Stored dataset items
(* Let $p$ be a prime, let $h_1,h_2$ be relatively prime positive integers, $h=h_1+h_2$, and let $F$ be the 2-dimensional Lubin–Tate formal group over $\mathbb{Z}_p$ associated with $(h_1,h_2)$. Then its multiplication-by-$p$ endomorphism satisfies $$[p]_F(x_1,x_2)\equiv(px_1,px_2)\ \text{mod degree 2 terms}\quad\text{and}\quad [p]_F(x_1,x_2)\equiv\big(x_2^{p^{h_1}},x_1^{p^{h_2}}\big)\ \text{mod } p.$$ In particular $[p]_F$ belongs to the set $\mathcal{C}^{h_1,h_2}_{LT}$ of pairs $f(X)\in\mathbb{Z}_p[[x_1,x_2]]^2$ with $f(X)\equiv(px_1,px_2)$ mod degree 2 and $f(X)$ mod $p$ equal to $(x_1^{p^{h_1}},x_2^{p^{h_2}})$ or $(x_2^{p^{h_1}},x_1^{p^{h_2}})$.
   Context: Let $L=(L_1,L_2)\in\mathbb{Q}_p[[x_1,x_2]]^2$ be given by $L_1=x_1+\sum_{k\ge1}p^{-2k}x_1^{p^{kh}}+\sum_{k\ge0}p^{-(2k+1)}x_2^{p^{h_1+kh}}$ and $L_2=x_2+\sum_{k\ge1}p^{-2k}x_2^{p^{kh}}+\sum_{k\ge0}p^{-(2k+1)}x_1^{p^{h_2+kh}}$. Its Jacobian at $0$ is the identity, so it has a compositional inverse $L^{-1}$, and the 2-dimensional Lubin–Tate formal group associated with $(h_1,h_2)$ is $F(X,Y)=L^{-1}(L(X)+L(Y))$, a 2-dimensional formal group with coefficients in $\mathbb{Z}_p$. The maps $[k]_F$ are defined by $[0]_F(X)=0$, $[1]_F(X)=X$, $[k]_F(X)=F(X,[k-1]_F(X))$ for $k\ge2$. *)

theory Defs
  imports Complex_Main "HOL-Computational_Algebra.Primes"
begin

text \<open>Formal power series in two variables x1, x2 with rational coefficients,
  represented by their coefficient function: f i j is the coefficient of x1^i x2^j.
  All series in the statement (L, its inverse, F, [k]_F) have coefficients in
  the subfield Q of Q_p, so we work over Q; membership in Z_p for a rational
  number means p does not divide its denominator.\<close>

type_synonym ps2 = "nat \<Rightarrow> nat \<Rightarrow> rat"
type_synonym ps2pair = "ps2 \<times> ps2"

REQUIRED WORK.
Look through the entries above. Copy out every line holding the word "over".

PROBLEM SOLUTION.
(* Let $p$ be a prime, let $h_1,h_2$ be relatively prime positive integers, $h=h_1+h_2$, and let $F$ be the 2-dimensional Lubin–Tate formal group over $\mathbb{Z}_p$ associated with $(h_1,h_2)$. Then its multiplication-by-$p$ endomorphism satisfies $$[p]_F(x_1,x_2)\equiv(px_1,px_2)\ \text{mod degree 2 terms}\quad\text{and}\quad [p]_F(x_1,x_2)\equiv\big(x_2^{p^{h_1}},x_1^{p^{h_2}}\big)\ \text{mod } p.$$ In particular $[p]_F$ belongs to the set $\mathcal{C}^{h_1,h_2}_{LT}$ of pairs $f(X)\in\mathbb{Z}_p[[x_1,x_2]]^2$ with $f(X)\equiv(px_1,px_2)$ mod degree 2 and $f(X)$ mod $p$ equal to $(x_1^{p^{h_1}},x_2^{p^{h_2}})$ or $(x_2^{p^{h_1}},x_1^{p^{h_2}})$.
  the subfield Q of Q_p, so we work over Q; membership in Z_p for a rational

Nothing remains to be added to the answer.